Work to be completed
The answer must be an exact reproduction of the lines from the start of the records below through the line containing "(dim_row P) (peval", and nothing more.

Records to use
(* Let $P(\lambda)$ be an $n\times n$ singular matrix polynomial of degree $d$ and normal rank $n-k$, and let $S_R(\lambda)=[x_1(\lambda)\ \dots\ x_k(\lambda)]$ be an $n\times k$ matrix polynomial whose columns form a minimal basis of the right nullspace of $P(\lambda)$, with right minimal indices $m_1,\dots,m_k$. Then there exists $V\in\mathbb C^{n\times k}$ such that the polynomial $\det(V^*S_R(\lambda))$ has exactly $M=m_1+\cdots+m_k$ simple zeros.
   Context: Normal rank: $\mathrm{nrank}(P)=\max_{\zeta\in\mathbb C}\mathrm{rank}\,P(\zeta)$; $P$ is singular if $\det P(\lambda)\equiv0$. The right nullspace of $P$ is $\{x(\lambda)\in\mathbb C(\lambda)^n: P(\lambda)x(\lambda)\equiv0\}$. A polynomial basis of it is minimal if the sum of the degrees of its vectors is minimal among all polynomial bases; these degrees are the right minimal indices. *)

theory Defs
  imports "Jordan_Normal_Form.DL_Rank" "Jordan_Normal_Form.Schur_Decomposition"
    "HOL-Computational_Algebra.Polynomial" "HOL-Computational_Algebra.Fraction_Field"
begin

text \<open>Matrix polynomials are represented as matrices with entries in complex poly.
  Rational vectors (elements of C(lambda)^n) have entries in complex poly fract.\<close>

type_synonym pmat = "complex poly mat"

definition peval :: "pmat \<Rightarrow> complex \<Rightarrow> complex mat" where
  "peval P z = map_mat (\<lambda>p. poly p z) P"

definition nrank :: "pmat \<Rightarrow> nat" where
  "nrank P = Max {vec_space.rank (dim_row P) (peval P z) | z. True}"

definition mdeg :: "pmat \<Rightarrow> nat" where
  "mdeg P = Max ({degree (P $$ (i,j)) | i j. i < dim_row P \<and> j < dim_col P} \<union> {0})"

definition vdeg :: "complex poly vec \<Rightarrow> nat" where
  "vdeg v = Max ({degree (v $ i) | i. i < dim_vec v} \<union> {0})"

Written solution
(* Let $P(\lambda)$ be an $n\times n$ singular matrix polynomial of degree $d$ and normal rank $n-k$, and let $S_R(\lambda)=[x_1(\lambda)\ \dots\ x_k(\lambda)]$ be an $n\times k$ matrix polynomial whose columns form a minimal basis of the right nullspace of $P(\lambda)$, with right minimal indices $m_1,\dots,m_k$. Then there exists $V\in\mathbb C^{n\times k}$ such that the polynomial $\det(V^*S_R(\lambda))$ has exactly $M=m_1+\cdots+m_k$ simple zeros.
   Context: Normal rank: $\mathrm{nrank}(P)=\max_{\zeta\in\mathbb C}\mathrm{rank}\,P(\zeta)$; $P$ is singular if $\det P(\lambda)\equiv0$. The right nullspace of $P$ is $\{x(\lambda)\in\mathbb C(\lambda)^n: P(\lambda)x(\lambda)\equiv0\}$. A polynomial basis of it is minimal if the sum of the degrees of its vectors is minimal among all polynomial bases; these degrees are the right minimal indices. *)

theory Defs
  imports "Jordan_Normal_Form.DL_Rank" "Jordan_Normal_Form.Schur_Decomposition"
    "HOL-Computational_Algebra.Polynomial" "HOL-Computational_Algebra.Fraction_Field"
begin

text \<open>Matrix polynomials are represented as matrices with entries in complex poly.
  Rational vectors (elements of C(lambda)^n) have entries in complex poly fract.\<close>

type_synonym pmat = "complex poly mat"

definition peval :: "pmat \<Rightarrow> complex \<Rightarrow> complex mat" where
  "peval P z = map_mat (\<lambda>p. poly p z) P"

definition nrank :: "pmat \<Rightarrow> nat" where
  "nrank P = Max {vec_space.rank (dim_row P) (peval P z) | z. True}"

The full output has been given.